Si基板上に薄い酸化膜を介して金属電極を設けたMOSキャパシタの両側に、キャリアの供給源となるソース(S)領域とドレイン(D)領域が設けられています。ソースおよびドレイン領域は抵抗率を下げるために、高濃度に不純物を添加(ドープ)してあります。

絶縁膜上に形成されたゲート(G)電極は、ソース・ドレイン間のコンダクタンス(電流の流れやすさ、電気抵抗の逆数)を制御するために設けてありゲート(G)と呼びます。

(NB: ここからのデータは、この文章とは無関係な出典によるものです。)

lemma level_gf_rec:
  assumes "0 \<le> l"
  shows "level_gf s l =
           (if s = UpBlack \<and> l = 0 then 1 else 0) +
           fps_X * (\<Sum>p | compatible_steps p s. level_gf p (l - step_delta s))"
proof -
  obtain k where l: "l = int k"
    using assms nonneg_eq_int by blast
  show ?thesis
  proof (cases s)
    case Down
    have "fps_X * (level_gf Down (l + 1) + level_gf UpBlack (l + 1)) =
            fps_X * Q_fps * (inverse B_fps - 1 - B_fps) * Q_fps ^ k"
      by (simp add: l nat_one_plus_int algebra_simps)
    then show ?thesis
      by (simp add: Down l compatible_steps_before inverse_B_fps_minus_2)
  next
    case UpBlue
    then show ?thesis
    proof (cases k)
      case (Suc k')
      have "level_gf UpBlue (1 + int k') = B_fps * Q_fps * Q_fps ^ k'"
        by (simp add: nat_one_plus_int)
      then show ?thesis
        using level_gf_UpBlue_plus_UpBlack[of k']
        by (simp add: UpBlue l Suc compatible_steps_before B_fps_times_Q_fps)
    qed (simp add: l compatible_steps_before)
  next
    case UpBlack
    then show ?thesis
    proof (cases k)
      case (Suc k')
      have "level_gf UpBlack (1 + int k') = (1 - B_fps) * Q_fps * Q_fps ^ k'"
        by (simp add: nat_one_plus_int)
      then show ?thesis
        using sum_level_gf[of k']
        by (simp add: UpBlack l Suc compatible_steps_before one_minus_B_fps_times_Q_fps)
    qed (simp add: l compatible_steps_before UNIV_step)
  qed
qed

lemma fps_nth_level_gf: "fps_nth (level_gf s l) n = of_nat (card (paths_ending n l s))"
proof (induction n arbitrary: s l)
  case 0
  show ?case
  proof (cases "l < 0")
    case True
    then show ?thesis by (cases s) (simp_all add: paths_ending_neg)
  next
    case False
    then show ?thesis
      by (subst level_gf_rec) (simp_all add: card_paths_ending_0)
  qed
next
  case (Suc n)
  show ?case
  proof (cases "l < 0")
    case True
    then show ?thesis by (cases s) (simp_all add: paths_ending_neg)
  next
    case False
    then show ?thesis
      by (subst level_gf_rec) (simp_all add: card_paths_ending_Suc fps_sum_nth Suc.IH)
  qed
qed
lemma wtilde_scaleR: "wtilde \<zeta> (\<lambda>\<xi>. g (lat \<xi>) *\<^sub>R c) x = smoothing g x *\<^sub>R c"
proof -
  have "wbar \<zeta> (\<lambda>\<xi>. g (lat \<xi>) *\<^sub>R c) y = quasi_interp g y *\<^sub>R c" for y
    using infsum_scaleR_left[OF lattice_summable, of y "\<lambda>\<xi>. g (lat \<xi>)" c]
    by (simp add: wbar_def quasi_interp_def)
  moreover have "((\<lambda>y. (\<zeta> (x - y) * quasi_interp g y) *\<^sub>R c) has_integral smoothing g x *\<^sub>R c) UNIV"
    unfolding smoothing_def
    using integrable_shifted_kernel_scaleR[of "quasi_interp g" x, OF continuous_on_quasi_interp]
    by (intro has_integral_scaleR_left integrable_integral) simp
  ultimately show ?thesis
    by (simp add: wtilde_def integral_unique)
qed

lemma continuous_on_wbar: "continuous_on UNIV (wbar \<zeta> w)"
  using continuous_on_lattice_sum[of "\<lambda>\<xi> _. w \<xi>"] by (simp add: wbar_def[abs_def])

lemma wtilde_add: "wtilde \<zeta> (\<lambda>\<xi>. v \<xi> + w \<xi>) x = wtilde \<zeta> v x + wtilde \<zeta> w x"
proof -
  have "wbar \<zeta> (\<lambda>\<xi>. v \<xi> + w \<xi>) y = wbar \<zeta> v y + wbar \<zeta> w y" for y
    unfolding wbar_def scaleR_add_right by (rule infsum_add) (rule lattice_summable)+
  then show ?thesis
    unfolding wtilde_def
    by (simp add: scaleR_add_right integral_add integrable_shifted_kernel_scaleR continuous_on_wbar)
qed
(* Let $n\ge1$, $\boldsymbol\mu\in\mathcal S_n^\uparrow$, $\boldsymbol\xi\in\mathbb R^n$, $\mathbf y=\boldsymbol\mu+\boldsymbol\xi$ and $\hat{\boldsymbol\mu}=\Pi_{\mathcal S_n^\uparrow}(\mathbf y)$. Let $(\hat T_1,\dots,\hat T_{\hat k})$, $\hat k=k(\hat{\boldsymbol\mu})$, be the partition of $\{1,\dots,n\}$ into the maximal sets of consecutive indices on which $\hat{\boldsymbol\mu}$ is constant. Then $$\|\hat{\boldsymbol\mu}-\boldsymbol\mu\|_2^2\le\sum_{j=1}^{\hat k}\big\|\Pi_{\mathcal S^\downarrow_{|\hat T_j|}}(\boldsymbol\xi_{\hat T_j})\big\|_2^2 .$$
   Context: $\mathcal S_m^\uparrow=\{\mathbf u\in\mathbb R^m:u_1\le\dots\le u_m\}$, $\mathcal S_m^\downarrow=-\mathcal S_m^\uparrow$ (nonincreasing sequences), with $\mathcal S_1^\uparrow=\mathbb R$. $\Pi_K$ is the Euclidean projection onto $K$. For $T=\{t_1<\dots<t_{|T|}\}$, $\boldsymbol\xi_T=(\xi_{t_1},\dots,\xi_{t_{|T|}})^T$. $k(\mathbf u)$ is the number of distinct coordinates of $\mathbf u$. *)

theory Defs
  imports Complex_Main
begin

text \<open>Vectors in R^m are represented as real lists of length m (index i ranges over 0..<m).\<close>

definition sq_norm :: "real list \<Rightarrow> real" where
  "sq_norm v = sum_list (map (\<lambda>x. x ^ 2) v)"

definition vdiff :: "real list \<Rightarrow> real list \<Rightarrow> real list" where
  "vdiff u v = map2 (-) u v"

definition vadd :: "real list \<Rightarrow> real list \<Rightarrow> real list" where
  "vadd u v = map2 (+) u v"

definition S_up :: "nat \<Rightarrow> real list set" where
  "S_up m = {u. length u = m \<and> sorted u}"

definition S_down :: "nat \<Rightarrow> real list set" where
  "S_down m = {u. length u = m \<and> sorted_wrt (\<ge>) u}"

definition proj :: "real list set \<Rightarrow> real list \<Rightarrow> real list" where
  "proj K y = (THE p. p \<in> K \<and> (\<forall>q\<in>K. sq_norm (vdiff y p) \<le> sq_norm (vdiff y q)))"

definition subvec :: "real list \<Rightarrow> nat set \<Rightarrow> real list" where
  "subvec xi T = map (nth xi) (sorted_list_of_set T)"

definition const_blocks :: "real list \<Rightarrow> nat set set" where
  "const_blocks u = {{a..<b} | a b. a < b \<and> b \<le> length u
      \<and> (\<forall>i\<in>{a..<b}. u ! i = u ! a)
      \<and> (a = 0 \<or> u ! (a - 1) \<noteq> u ! a)
      \<and> (b = length u \<or> u ! b \<noteq> u ! a)}"

end

theory Submission
  imports Defs "HOL-Analysis.Analysis"
begin

text \<open>On a constant block \<open>T\<close> of the isotonic fit, with value \<open>c\<close>, optimality of the fit
  under the perturbations that lower an initial segment of \<open>T\<close> or raise all of \<open>T\<close> says
  that the partial sums of \<open>y - c\<close> over initial segments of \<open>T\<close> are nonnegative and that
  their total vanishes. Abel summation against the nondecreasing \<open>\<mu>\<^sub>T\<close> then gives
  \<open>\<langle>\<xi>\<^sub>T, v\<rangle> \<ge> \<parallel>v\<parallel>\<^sup>2\<close> for the nonincreasing vector \<open>v = c - \<mu>\<^sub>T\<close>. The projection
  \<open>q\<close> of \<open>\<xi>\<^sub>T\<close> onto the cone of nonincreasing sequences satisfies
  \<open>\<langle>\<xi>\<^sub>T - q, v\<rangle> \<le> 0\<close>, hence \<open>\<parallel>v\<parallel>\<^sup>2 \<le> \<langle>q, v\<rangle>\<close> and so \<open>\<parallel>v\<parallel>\<^sup>2 \<le> \<parallel>q\<parallel>\<^sup>2\<close>.\<close>

section \<open>Nearest points and first-order optimality\<close>

lemma sq_norm_conv_sum: "sq_norm u = (\<Sum>i<length u. (u!i)^2)"
  unfolding sq_norm_def by (simp add: sum_list_sum_nth atLeast0LessThan)

lemma sq_norm_vdiff:
  assumes "length u = m" "length v = m"
  shows "sq_norm (vdiff u v) = (\<Sum>i<m. (u!i - v!i)^2)"
  using assms unfolding vdiff_def by (simp add: sq_norm_conv_sum)

definition is_proj :: "real list set \<Rightarrow> real list \<Rightarrow> real list \<Rightarrow> bool" where
  "is_proj K y p \<longleftrightarrow> p \<in> K \<and> (\<forall>q\<in>K. sq_norm (vdiff y p) \<le> sq_norm (vdiff y q))"

lemma le_0_if_le_linear_near_0:
  fixes a c d :: real
  assumes "d > 0" and le: "\<And>t. 0 < t \<Longrightarrow> t \<le> d \<Longrightarrow> a \<le> c * t"
  shows "a \<le> 0"
proof (rule ccontr)
  assume "\<not> a \<le> 0"
  define t where "t = min d (a / (\<bar>c\<bar> + 1))"
  have "0 < t" using \<open>d > 0\<close> \<open>\<not> a \<le> 0\<close> by (simp add: t_def)
  have "c * t \<le> \<bar>c\<bar> * (a / (\<bar>c\<bar> + 1))"
  proof -
    have "c * t \<le> \<bar>c\<bar> * t" using \<open>0 < t\<close> by (simp add: mult_right_mono)
    also have "\<dots> \<le> \<bar>c\<bar> * (a / (\<bar>c\<bar> + 1))"
      by (intro mult_left_mono) (auto simp: t_def)
    finally show ?thesis .
  qed
  also have "\<dots> < a"
    using \<open>\<not> a \<le> 0\<close> by (simp add: field_simps)
  finally show False using le[of t] \<open>0 < t\<close> by (simp add: t_def)
qed

lemma is_proj_first_order:
  fixes w :: "nat \<Rightarrow> real"
  assumes p: "is_proj K y p" and "length y = n" "length p = n" "d > 0"
    and K: "\<And>t. 0 < t \<Longrightarrow> t \<le> d \<Longrightarrow> map (\<lambda>i. p!i + t * w i) [0..<n] \<in> K"
  shows "(\<Sum>i<n. (y!i - p!i) * w i) \<le> 0"
proof (rule le_0_if_le_linear_near_0[OF \<open>d > 0\<close>])
  fix t :: real assume "0 < t" "t \<le> d"
  have "(\<Sum>i<n. (y!i - p!i)^2) \<le> (\<Sum>i<n. (y!i - (p!i + t * w i))^2)"
    using p K[OF \<open>0 < t\<close> \<open>t \<le> d\<close>] assms(2,3) by (auto simp: is_proj_def sq_norm_vdiff)
  also have "\<dots> = (\<Sum>i<n. (y!i - p!i)^2) - 2 * t * (\<Sum>i<n. (y!i - p!i) * w i)
      + t^2 * (\<Sum>i<n. (w i)^2)"
    by (simp add: power2_eq_square algebra_simps sum.distrib sum_subtractf sum_distrib_left)
  finally show "(\<Sum>i<n. (y!i - p!i) * w i) \<le> (\<Sum>i<n. (w i)^2) / 2 * t"
    using \<open>0 < t\<close> by (simp add: power2_eq_square field_simps)
qed

lemma is_proj_unique:
  assumes len: "\<And>u. u \<in> K \<Longrightarrow> length u = n"
    and convex: "\<And>p q t. p \<in> K \<Longrightarrow> q \<in> K \<Longrightarrow> 0 < t \<Longrightarrow> t \<le> 1
      \<Longrightarrow> map (\<lambda>i. p!i + t * (q!i - p!i)) [0..<n] \<in> K"
    and "length y = n" and p: "is_proj K y p" and q: "is_proj K y q"
  shows "p = q"
proof -
  have "p \<in> K" "q \<in> K" using p q by (auto simp: is_proj_def)
  then have lp: "length p = n" and lq: "length q = n" by (auto intro: len)
  have "(\<Sum>i<n. (y!i - p!i) * (q!i - p!i)) \<le> 0"
    by (rule is_proj_first_order[OF p \<open>length y = n\<close> lp zero_less_one convex[OF \<open>p \<in> K\<close> \<open>q \<in> K\<close>]])
  moreover have "(\<Sum>i<n. (y!i - q!i) * (p!i - q!i)) \<le> 0"
    by (rule is_proj_first_order[OF q \<open>length y = n\<close> lq zero_less_one convex[OF \<open>q \<in> K\<close> \<open>p \<in> K\<close>]])
  moreover have "(\<Sum>i<n. (y!i - p!i) * (q!i - p!i)) + (\<Sum>i<n. (y!i - q!i) * (p!i - q!i))
      = (\<Sum>i<n. (p!i - q!i)^2)"
    unfolding sum.distrib[symmetric] by (intro sum.cong) (auto simp: power2_eq_square algebra_simps)
  ultimately have "(\<Sum>i<n. (p!i - q!i)^2) \<le> 0" by linarith
  then have "\<forall>i\<in>{..<n}. (p!i - q!i)^2 = 0"
    using sum_nonneg_eq_0_iff[of "{..<n}" "\<lambda>i. (p!i - q!i)^2"]
    by (simp add: order_antisym sum_nonneg)
  then show "p = q" using lp lq by (auto intro: nth_equalityI)
qed

lemma is_proj_proj:
  assumes "\<exists>p. is_proj K y p" and "\<And>p q. is_proj K y p \<Longrightarrow> is_proj K y q \<Longrightarrow> p = q"
  shows "is_proj K y (proj K y)"
  using theI'[of "is_proj K y"] assms unfolding proj_def is_proj_def[symmetric] by blast

section \<open>Projections onto the monotone cones\<close>

lemma S_up_convex:
  assumes "p \<in> S_up n" "q \<in> S_up n" "0 < t" "t \<le> 1"
  shows "map (\<lambda>i. p!i + t * (q!i - p!i)) [0..<n] \<in> S_up n"
proof -
  have "(1 - t) * p!i + t * q!i \<le> (1 - t) * p!j + t * q!j" if "i \<le> j" "j < n" for i j
    using assms that by (intro add_mono mult_left_mono) (auto simp: S_up_def sorted_nth_mono)
  then show ?thesis by (auto simp: S_up_def sorted_iff_nth_mono algebra_simps)
qed

lemma S_down_convex:
  assumes "p \<in> S_down n" "q \<in> S_down n" "0 < t" "t \<le> 1"
  shows "map (\<lambda>i. p!i + t * (q!i - p!i)) [0..<n] \<in> S_down n"
proof -
  have "(1 - t) * p!j + t * q!j \<le> (1 - t) * p!i + t * q!i" if "i < j" "j < n" for i j
    using assms that by (intro add_mono mult_left_mono) (auto simp: S_down_def sorted_wrt_iff_nth_less)
  then show ?thesis by (auto simp: S_down_def sorted_wrt_iff_nth_less algebra_simps)
qed

lemma uminus_in_S_up_iff: "map uminus u \<in> S_up m \<longleftrightarrow> u \<in> S_down m"
  by (auto simp: S_up_def S_down_def sorted_iff_nth_mono sorted_wrt_iff_nth_less)

lemma sq_norm_vdiff_uminus: "sq_norm (vdiff (map uminus x) (map uminus p)) = sq_norm (vdiff x p)"
  unfolding sq_norm_def vdiff_def
  by (induction x arbitrary: p) (auto simp: zip_Cons1 power2_eq_square algebra_simps split: list.splits)

text \<open>Clamping to the range of \<open>y\<close> keeps a sequence sorted and moves it closer to \<open>y\<close>, so it
  suffices to minimise over sorted sequences with values in that range, a compact set.\<close>
lemma is_proj_S_up_exists:
  assumes "length y = m"
  shows "\<exists>p. is_proj (S_up m) y p"
proof (cases "m = 0")
  case True
  then show ?thesis using assms by (auto simp: is_proj_def S_up_def sq_norm_def vdiff_def)
next
  case False
  define a where "a = Min (set y)"
  define b where "b = Max (set y)"
  have y_range: "y!i \<in> {a..b}" if "i < m" for i
    using that assms False unfolding a_def b_def by auto
  then have "a \<le> b" using False by fastforce
  define X where "X = product_topology (\<lambda>_. euclideanreal) {..<m}"
  define Mono where "Mono = {f \<in> topspace X. \<forall>i. Suc i < m \<longrightarrow> f i \<le> f (Suc i)}"
  define Box where "Box = PiE {..<m} (\<lambda>_. {a..b})"
  define F where "F = (\<lambda>f::nat\<Rightarrow>real. \<Sum>i<m. (y!i - f i)^2)"
  have coord: "continuous_map X euclideanreal (\<lambda>f. f i)" if "i < m" for i
    unfolding X_def using continuous_map_product_projection[of i "{..<m}" "\<lambda>_. euclideanreal"] that by simp
  have "closedin X {f \<in> topspace X. f i - f (Suc i) \<in> {..0}}" if "Suc i < m" for i
    using that by (intro closedin_continuous_map_preimage[where Y=euclideanreal] continuous_map_diff coord) auto
  then have "closedin X (\<Inter>(insert (topspace X) ((\<lambda>i. {f \<in> topspace X. f i - f (Suc i) \<in> {..0}}) ` {i. Suc i < m})))"
    by (intro closedin_Inter) auto
  moreover have "\<Inter>(insert (topspace X) ((\<lambda>i. {f \<in> topspace X. f i - f (Suc i) \<in> {..0}}) ` {i. Suc i < m})) = Mono"
    by (auto simp: Mono_def)
  ultimately have "closedin X Mono" by simp
  moreover have "compactin X Box" unfolding X_def Box_def by (simp add: compactin_PiE)
  ultimately have "compactin X (Box \<inter> Mono)" by (rule compact_Int_closedin[rotated])
  moreover have "continuous_map X euclideanreal F" unfolding F_def
    by (intro continuous_map_sum continuous_map_real_pow continuous_map_diff coord) auto
  ultimately have "compact (F ` (Box \<inter> Mono))"
    using image_compactin by (fastforce simp: compactin_euclidean_iff)
  have mem: "restrict g {..<m} \<in> Box \<inter> Mono"
    if "\<And>i. i < m \<Longrightarrow> g i \<in> {a..b}" "\<And>i. Suc i < m \<Longrightarrow> g i \<le> g (Suc i)" for g
    using that by (auto simp: Box_def Mono_def X_def)
  have "restrict (\<lambda>_. a) {..<m} \<in> Box \<inter> Mono" using \<open>a \<le> b\<close> by (intro mem) auto
  then have "Box \<inter> Mono \<noteq> {}" by blast
  then obtain f where f: "f \<in> Box \<inter> Mono" "\<And>g. g \<in> Box \<inter> Mono \<Longrightarrow> F f \<le> F g"
    using compact_attains_inf[OF \<open>compact (F ` (Box \<inter> Mono))\<close>] by auto
  have "is_proj (S_up m) y (map f [0..<m])"
    unfolding is_proj_def
  proof (intro conjI ballI)
    show "map f [0..<m] \<in> S_up m" using f(1) by (auto simp: Mono_def S_up_def sorted_iff_nth_Suc)
  next
    fix q assume q: "q \<in> S_up m"
    define g where "g = (\<lambda>i. max a (min b (q!i)))"
    have "restrict g {..<m} \<in> Box \<inter> Mono"
      using q \<open>a \<le> b\<close> by (intro mem) (auto simp: g_def S_up_def sorted_iff_nth_Suc)
    then have "F f \<le> F (restrict g {..<m})" by (rule f(2))
    also have "\<dots> \<le> (\<Sum>i<m. (y!i - q!i)^2)" unfolding F_def
    proof (rule sum_mono)
      fix i assume i: "i \<in> {..<m}"
      then have "\<bar>y!i - g i\<bar> \<le> \<bar>y!i - q!i\<bar>" using y_range[of i] by (auto simp: g_def)
      then show "(y!i - restrict g {..<m} i)^2 \<le> (y!i - q!i)^2" using i by (simp add: abs_le_square_iff)
    qed
    finally show "sq_norm (vdiff y (map f [0..<m])) \<le> sq_norm (vdiff y q)"
      using assms q by (simp add: sq_norm_vdiff F_def S_up_def)
  qed
  then show ?thesis by blast
qed

lemma is_proj_S_up:
  assumes "length y = m"
  shows "is_proj (S_up m) y (proj (S_up m) y)"
  using is_proj_S_up_exists[OF assms] is_proj_unique[OF _ S_up_convex assms]
  by (intro is_proj_proj) (auto simp: S_up_def)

ゲート直下の電流が流れる領域をチャネルと呼び、チャネル内を電子が流れるものをnチャネル型、正孔が流れるものをpチャネル型と呼びます。

動作原理

n型とp型の違いはチャネルを流れるキャリア(電子・正孔)の違いだけのため、ここではnチャネル型MOSFETを例に説明します。

ゲート電圧Vg<しきい値電圧Vtの場合

MOSFET 動作 オフ

ゲート電圧がしきい値電圧(トランジスタをONするのに必要な電圧)以下の場合、ソース-ドレイン間はn+pn+構造となり、電流は流れません。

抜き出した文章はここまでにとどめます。